7 min readMay 27, 2020

Why Data Debt?

In my previous article on DataOps I mentioned immature data pipelines as one of the obstacles to deal with on the way to a data-driven organization. In many companies the data solution development is still a handcrafted and largely non-repeatable process with minimal reuse. The result is both a plodding development environment that can’t keep pace with the demands of a data-driven business and an error-prone operational environment that is opaque and slow to respond to change requests.

Immature development and delivery processes force business users to build their own solutions that result in an ever-expanding universe of data silos, intensely fractured data environments and general data heterogeneity.

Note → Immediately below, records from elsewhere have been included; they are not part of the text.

lemma slice_point_in_Omega_iff:
  assumes E: "\<forall>z\<in>E. cnj z \<in> E" and J: "J \<in> sphere_A cj"
  shows "Re z *\<^sub>R 1 + Im z *\<^sub>R J \<in> Omega cj E \<longleftrightarrow> z \<in> E"
proof
  assume "Re z *\<^sub>R 1 + Im z *\<^sub>R J \<in> Omega cj E"
  then obtain \<alpha> \<beta> J' where "Complex \<alpha> \<beta> \<in> E" "J' \<in> sphere_A cj"
    and "Re z *\<^sub>R 1 + Im z *\<^sub>R J = \<alpha> *\<^sub>R 1 + \<beta> *\<^sub>R J'"
    unfolding Omega_def by blast
  with slice_repr_unique[OF J] have "Complex \<alpha> \<beta> = z \<or> Complex \<alpha> \<beta> = cnj z"
    by (metis complex.collapse complex_cnj minus_equation_iff)
  with \<open>Complex \<alpha> \<beta> \<in> E\<close> E show "z \<in> E" by (metis complex_cnj_cnj)
next
  assume "z \<in> E"
  with J show "Re z *\<^sub>R 1 + Im z *\<^sub>R J \<in> Omega cj E"
    using Omega_memI[of "Re z" "Im z" E J] by simp
qed

subsection \<open>Slice functions and their stems\<close>

lemma stem_stem_conj: "stem D F \<Longrightarrow> stem D (stem_conj cj F)"
  by (simp add: stem_def stem_conj_def)

lemma stem_stem_prod:
  fixes F G :: "complex \<Rightarrow> 'a \<times> 'a"
  shows "stem D F \<Longrightarrow> stem D G \<Longrightarrow> stem D (stem_prod F G)"
  by (simp add: stem_def stem_prod_def cmult_def)
theorem lemma11:
  fixes p0 :: "real^'j::finite" and Q :: "real^'j^'j" and f :: "'j \<Rightarrow> real \<Rightarrow> real"
    and K :: "real \<Rightarrow> real" and CK :: real and L :: nat
    and h :: "'l::finite \<Rightarrow> real \<Rightarrow> real"
  assumes hmm: "hmm_params p0 Q f"
    and K_bounded: "bounded (range K)"
    and K_lip: "CK-lipschitz_on UNIV K"
    and K_supp: "\<forall>y. \<bar>y\<bar> > 1 \<longrightarrow> K y = 0"
    and h_meas: "\<forall>l. h l \<in> borel_measurable borel"
    and M_fin: "\<forall>x l m. EH_integrable p0 Q f (\<lambda>(x1, x2, x3). h l x1 * KL K L x x2 * h m x3)"
    and P_fin: "\<forall>l m. EH_integrable p0 Q f (\<lambda>(x1, x2, x3). h l x1 * h m x3)"
    and O_fin: "\<forall>l j. integrable lborel (\<lambda>x. h l x * f j x)"
  shows "(\<forall>x. Mx p0 Q f K L h x
            = Omat f h ** diag_mat p0 ** Q ** Dx f K L x ** Q ** transpose (Omat f h))
       \<and> Pmat p0 Q f h = Omat f h ** diag_mat p0 ** (Q ** Q) ** transpose (Omat f h)
       \<and> (\<forall>V :: real^'j^'l.
            invertible (transpose V ** Pmat p0 Q f h ** V) \<longrightarrow>
              invertible (Q ** transpose (Omat f h) ** V)
            \<and> (\<forall>x. matrix_inv (transpose V ** Pmat p0 Q f h ** V)
                       ** (transpose V ** Mx p0 Q f K L h x ** V)
                   = matrix_inv (Q ** transpose (Omat f h) ** V) ** Dx f K L x
                       ** (Q ** transpose (Omat f h) ** V))
            \<and> (\<exists>S :: real^'j^'j. invertible S \<and>
                 (\<forall>x. matrix_inv (transpose V ** Pmat p0 Q f h ** V)
                        ** (transpose V ** Mx p0 Q f K L h x ** V)
                      = matrix_inv S ** diag_mat (\<chi> j. KL_apply K L (f j) x) ** S)))"
proof -
  have f: "\<And>j. integrable lborel (f j)" "\<And>j. integral\<^sup>L lborel (f j) = 1"
    using hmm unfolding hmm_params_def by blast+
  have "K \<in> borel_measurable borel"
    using lipschitz_on_continuous_on[OF K_lip] by (rule borel_measurable_continuous_onI)
  then have M: "Mx p0 Q f K L h x = Omat f h ** diag_mat p0 ** Q ** Dx f K L x ** Q ** transpose (Omat f h)"
    for x
    using Mx_factorization K_bounded f O_fin by blast
  have P: "Pmat p0 Q f h = Omat f h ** diag_mat p0 ** (Q ** Q) ** transpose (Omat f h)"
    using Pmat_factorization f O_fin by blast
  show ?thesis
  proof (intro conjI allI impI)
    fix V :: "real^'j^'l"
    assume inv: "invertible (transpose V ** Pmat p0 Q f h ** V)"
    define A where "A = transpose V ** Omat f h ** diag_mat p0 ** Q"
    define C where "C = Q ** transpose (Omat f h) ** V"
    have AC: "transpose V ** Pmat p0 Q f h ** V = A ** C"
      and ADC: "transpose V ** Mx p0 Q f K L h x ** V = A ** Dx f K L x ** C" for x
      unfolding P M A_def C_def by (simp_all add: matrix_mul_assoc)
    show "invertible (Q ** transpose (Omat f h) ** V)"
      using invertible_mult_right_factor inv unfolding AC C_def .
    show B: "matrix_inv (transpose V ** Pmat p0 Q f h ** V) ** (transpose V ** Mx p0 Q f K L h x ** V)
        = matrix_inv (Q ** transpose (Omat f h) ** V) ** Dx f K L x ** (Q ** transpose (Omat f h) ** V)"
      for x
      using matrix_inv_mult_similar inv unfolding AC ADC C_def .
    show "\<exists>S. invertible S \<and> (\<forall>x. matrix_inv (transpose V ** Pmat p0 Q f h ** V)
        ** (transpose V ** Mx p0 Q f K L h x ** V) = matrix_inv S ** diag_mat (\<chi> j. KL_apply K L (f j) x) ** S)"
      using invertible_mult_right_factor inv B unfolding AC C_def Dx_def by blast
  qed (use M P in auto)
qed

These examples can be considered as Data Debt, which stems naturally from the way companies do business, especially when they are running their business as a loosely connected portfolio or making “free rider” decisions about Data Management and Governance.

Data Debt concept can be used as a strong argument in discussions with key stakeholders for driving the establishment of a company’s new data related processes and policies. However, to perform its function Data Debt should be precisely defined and estimated, preferably in terms of financial risks and opportunities.

Data Governance and DataOps disciplines will serve as instruments of paying Data Debt down, reducing it or (in everyone’s dreams) avoiding to accumulate it in the future.

Lean and DataOps perspective

Many Data Engineering or Analytics teams are too busy delivering outputs or maintaining systems to stop and think about how and why they work the way they do. Organizations are thrilled to apply advanced analytics to any business area, but very rarely employ it to improve workflows. As a result, the long existing process of doing things is almost always passively accepted. If looking closely there is always waste in Data Engineering, Data Science and Analytics efforts. The Lean approach can be used to find and eliminate the waste, thus directly or indirectly dealing with Data Debt.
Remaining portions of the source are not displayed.